▶ Description of the task
Reproduce exactly, and only, the lines below from the one containing "(* Let $Q$ be" through the one containing "smul \<longleftrightarrow> monoid Q \<and>".

==================================================

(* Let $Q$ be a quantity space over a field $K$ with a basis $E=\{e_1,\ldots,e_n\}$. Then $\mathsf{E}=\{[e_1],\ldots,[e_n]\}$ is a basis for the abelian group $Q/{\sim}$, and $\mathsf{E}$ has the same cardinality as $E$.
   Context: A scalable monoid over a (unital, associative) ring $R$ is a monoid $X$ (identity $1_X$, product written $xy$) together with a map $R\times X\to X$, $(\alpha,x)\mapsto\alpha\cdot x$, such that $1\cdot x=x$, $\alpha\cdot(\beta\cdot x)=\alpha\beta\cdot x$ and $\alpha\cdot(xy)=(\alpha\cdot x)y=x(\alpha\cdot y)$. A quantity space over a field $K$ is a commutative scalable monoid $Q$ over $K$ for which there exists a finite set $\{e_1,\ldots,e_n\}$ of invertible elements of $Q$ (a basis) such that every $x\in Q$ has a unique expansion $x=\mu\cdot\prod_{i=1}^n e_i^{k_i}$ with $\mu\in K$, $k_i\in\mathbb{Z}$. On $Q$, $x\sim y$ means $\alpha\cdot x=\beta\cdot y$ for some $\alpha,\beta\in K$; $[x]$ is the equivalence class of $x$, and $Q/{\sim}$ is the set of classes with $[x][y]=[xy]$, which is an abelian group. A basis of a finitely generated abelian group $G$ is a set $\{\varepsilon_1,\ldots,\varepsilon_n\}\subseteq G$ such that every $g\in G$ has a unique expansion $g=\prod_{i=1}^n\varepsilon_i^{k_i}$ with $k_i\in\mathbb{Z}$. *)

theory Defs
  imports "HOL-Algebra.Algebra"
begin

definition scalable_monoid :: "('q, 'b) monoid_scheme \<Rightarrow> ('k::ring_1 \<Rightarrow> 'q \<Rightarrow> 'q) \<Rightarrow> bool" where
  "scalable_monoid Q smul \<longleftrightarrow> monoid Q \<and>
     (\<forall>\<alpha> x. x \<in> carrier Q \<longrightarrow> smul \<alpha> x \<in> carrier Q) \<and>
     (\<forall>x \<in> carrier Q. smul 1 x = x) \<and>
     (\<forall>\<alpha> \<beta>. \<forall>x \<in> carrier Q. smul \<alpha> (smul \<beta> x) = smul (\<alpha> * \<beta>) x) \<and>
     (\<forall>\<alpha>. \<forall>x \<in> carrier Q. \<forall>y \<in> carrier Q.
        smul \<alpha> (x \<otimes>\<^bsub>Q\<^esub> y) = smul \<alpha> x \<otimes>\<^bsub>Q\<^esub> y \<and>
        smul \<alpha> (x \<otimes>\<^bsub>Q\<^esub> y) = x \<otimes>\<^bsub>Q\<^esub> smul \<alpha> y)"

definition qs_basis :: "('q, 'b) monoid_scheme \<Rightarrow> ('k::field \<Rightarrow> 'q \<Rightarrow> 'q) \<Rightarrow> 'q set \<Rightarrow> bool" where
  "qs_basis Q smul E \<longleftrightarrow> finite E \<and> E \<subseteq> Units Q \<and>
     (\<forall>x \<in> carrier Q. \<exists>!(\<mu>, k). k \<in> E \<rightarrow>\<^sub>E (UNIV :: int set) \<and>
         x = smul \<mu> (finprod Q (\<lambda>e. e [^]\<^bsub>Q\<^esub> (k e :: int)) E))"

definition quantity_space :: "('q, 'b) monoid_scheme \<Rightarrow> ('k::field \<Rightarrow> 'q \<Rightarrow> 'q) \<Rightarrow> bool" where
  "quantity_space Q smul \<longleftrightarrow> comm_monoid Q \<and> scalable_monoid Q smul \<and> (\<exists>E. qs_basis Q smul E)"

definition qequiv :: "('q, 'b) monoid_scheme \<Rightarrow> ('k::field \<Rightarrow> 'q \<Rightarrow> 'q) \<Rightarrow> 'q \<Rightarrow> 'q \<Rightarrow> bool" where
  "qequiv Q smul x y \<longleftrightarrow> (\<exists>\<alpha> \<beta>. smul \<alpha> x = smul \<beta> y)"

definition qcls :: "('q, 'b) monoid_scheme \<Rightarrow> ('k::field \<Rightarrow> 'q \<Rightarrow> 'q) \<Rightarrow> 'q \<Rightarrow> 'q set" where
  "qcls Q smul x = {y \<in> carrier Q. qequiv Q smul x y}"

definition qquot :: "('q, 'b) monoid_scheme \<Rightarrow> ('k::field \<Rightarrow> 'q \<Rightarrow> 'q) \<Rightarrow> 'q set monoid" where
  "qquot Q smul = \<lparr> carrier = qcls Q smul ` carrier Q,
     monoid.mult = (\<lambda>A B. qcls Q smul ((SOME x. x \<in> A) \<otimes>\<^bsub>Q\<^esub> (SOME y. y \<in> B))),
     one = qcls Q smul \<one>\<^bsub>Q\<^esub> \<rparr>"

==================================================

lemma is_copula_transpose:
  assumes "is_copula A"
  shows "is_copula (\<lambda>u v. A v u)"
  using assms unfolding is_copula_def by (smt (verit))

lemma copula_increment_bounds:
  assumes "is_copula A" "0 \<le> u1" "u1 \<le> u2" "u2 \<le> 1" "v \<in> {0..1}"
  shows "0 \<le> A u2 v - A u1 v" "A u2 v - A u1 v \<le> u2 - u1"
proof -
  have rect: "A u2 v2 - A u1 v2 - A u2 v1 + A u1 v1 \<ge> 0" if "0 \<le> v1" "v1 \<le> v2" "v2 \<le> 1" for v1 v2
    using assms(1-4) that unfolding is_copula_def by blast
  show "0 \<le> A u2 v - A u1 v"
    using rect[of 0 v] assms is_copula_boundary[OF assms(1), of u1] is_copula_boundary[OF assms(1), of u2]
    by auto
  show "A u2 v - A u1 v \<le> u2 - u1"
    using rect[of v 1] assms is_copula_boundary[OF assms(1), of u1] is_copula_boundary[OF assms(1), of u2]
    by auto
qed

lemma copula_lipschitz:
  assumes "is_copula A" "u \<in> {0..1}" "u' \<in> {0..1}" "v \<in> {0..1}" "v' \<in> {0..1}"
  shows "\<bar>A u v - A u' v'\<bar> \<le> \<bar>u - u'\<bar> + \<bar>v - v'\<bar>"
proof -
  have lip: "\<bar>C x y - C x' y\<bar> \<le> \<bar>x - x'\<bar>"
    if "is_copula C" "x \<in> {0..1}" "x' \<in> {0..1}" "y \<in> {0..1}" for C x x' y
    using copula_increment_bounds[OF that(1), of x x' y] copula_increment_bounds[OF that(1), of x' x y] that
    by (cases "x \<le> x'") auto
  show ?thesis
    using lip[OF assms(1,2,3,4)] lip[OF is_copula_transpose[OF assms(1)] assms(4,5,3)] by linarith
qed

==================================================

▶ Your solution
(* Let $Q$ be a quantity space over a field $K$ with a basis $E=\{e_1,\ldots,e_n\}$. Then $\mathsf{E}=\{[e_1],\ldots,[e_n]\}$ is a basis for the abelian group $Q/{\sim}$, and $\mathsf{E}$ has the same cardinality as $E$.
   Context: A scalable monoid over a (unital, associative) ring $R$ is a monoid $X$ (identity $1_X$, product written $xy$) together with a map $R\times X\to X$, $(\alpha,x)\mapsto\alpha\cdot x$, such that $1\cdot x=x$, $\alpha\cdot(\beta\cdot x)=\alpha\beta\cdot x$ and $\alpha\cdot(xy)=(\alpha\cdot x)y=x(\alpha\cdot y)$. A quantity space over a field $K$ is a commutative scalable monoid $Q$ over $K$ for which there exists a finite set $\{e_1,\ldots,e_n\}$ of invertible elements of $Q$ (a basis) such that every $x\in Q$ has a unique expansion $x=\mu\cdot\prod_{i=1}^n e_i^{k_i}$ with $\mu\in K$, $k_i\in\mathbb{Z}$. On $Q$, $x\sim y$ means $\alpha\cdot x=\beta\cdot y$ for some $\alpha,\beta\in K$; $[x]$ is the equivalence class of $x$, and $Q/{\sim}$ is the set of classes with $[x][y]=[xy]$, which is an abelian group. A basis of a finitely generated abelian group $G$ is a set $\{\varepsilon_1,\ldots,\varepsilon_n\}\subseteq G$ such that every $g\in G$ has a unique expansion $g=\prod_{i=1}^n\varepsilon_i^{k_i}$ with $k_i\in\mathbb{Z}$. *)

theory Defs
  imports "HOL-Algebra.Algebra"
begin

definition scalable_monoid :: "('q, 'b) monoid_scheme \<Rightarrow> ('k::ring_1 \<Rightarrow> 'q \<Rightarrow> 'q) \<Rightarrow> bool" where
  "scalable_monoid Q smul \<longleftrightarrow> monoid Q \<and>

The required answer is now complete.